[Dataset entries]
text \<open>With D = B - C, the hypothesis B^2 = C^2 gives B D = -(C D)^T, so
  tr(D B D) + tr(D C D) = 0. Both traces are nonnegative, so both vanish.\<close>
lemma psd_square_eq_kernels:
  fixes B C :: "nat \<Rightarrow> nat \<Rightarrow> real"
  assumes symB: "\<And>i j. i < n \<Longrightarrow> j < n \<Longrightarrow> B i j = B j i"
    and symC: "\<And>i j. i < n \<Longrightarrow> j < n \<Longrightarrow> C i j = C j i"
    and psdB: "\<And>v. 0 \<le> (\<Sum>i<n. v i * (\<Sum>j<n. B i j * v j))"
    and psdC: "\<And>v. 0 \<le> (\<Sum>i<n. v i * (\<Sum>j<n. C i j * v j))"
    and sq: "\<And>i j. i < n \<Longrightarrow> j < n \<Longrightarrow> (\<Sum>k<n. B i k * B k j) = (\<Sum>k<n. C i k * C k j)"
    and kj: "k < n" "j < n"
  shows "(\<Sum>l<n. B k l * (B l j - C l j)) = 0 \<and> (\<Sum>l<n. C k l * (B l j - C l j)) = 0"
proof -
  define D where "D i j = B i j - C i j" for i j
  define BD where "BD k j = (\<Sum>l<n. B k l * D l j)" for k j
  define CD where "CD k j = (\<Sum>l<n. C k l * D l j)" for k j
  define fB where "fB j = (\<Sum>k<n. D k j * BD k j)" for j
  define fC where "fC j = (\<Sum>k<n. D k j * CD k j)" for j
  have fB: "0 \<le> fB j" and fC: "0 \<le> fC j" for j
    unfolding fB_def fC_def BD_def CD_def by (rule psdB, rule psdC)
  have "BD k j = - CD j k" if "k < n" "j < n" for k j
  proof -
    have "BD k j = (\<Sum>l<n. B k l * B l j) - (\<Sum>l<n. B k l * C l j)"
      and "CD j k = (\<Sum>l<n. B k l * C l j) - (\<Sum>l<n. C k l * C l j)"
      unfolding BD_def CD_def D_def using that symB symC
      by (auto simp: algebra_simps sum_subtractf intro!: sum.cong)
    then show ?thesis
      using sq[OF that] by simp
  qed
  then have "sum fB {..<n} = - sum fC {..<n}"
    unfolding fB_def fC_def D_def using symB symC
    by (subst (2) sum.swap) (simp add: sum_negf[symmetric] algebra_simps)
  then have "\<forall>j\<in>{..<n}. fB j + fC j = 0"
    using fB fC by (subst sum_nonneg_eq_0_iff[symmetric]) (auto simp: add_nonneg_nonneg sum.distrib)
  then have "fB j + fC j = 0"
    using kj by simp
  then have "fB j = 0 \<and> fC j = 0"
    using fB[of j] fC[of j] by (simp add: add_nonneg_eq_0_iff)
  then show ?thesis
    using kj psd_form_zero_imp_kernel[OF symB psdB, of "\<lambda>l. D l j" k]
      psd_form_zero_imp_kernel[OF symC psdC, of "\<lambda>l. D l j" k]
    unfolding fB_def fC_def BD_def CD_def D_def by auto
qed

Exercise description
The word "Longrightarrow" appears in how many lines of the records? Give the number only.

Answer space
3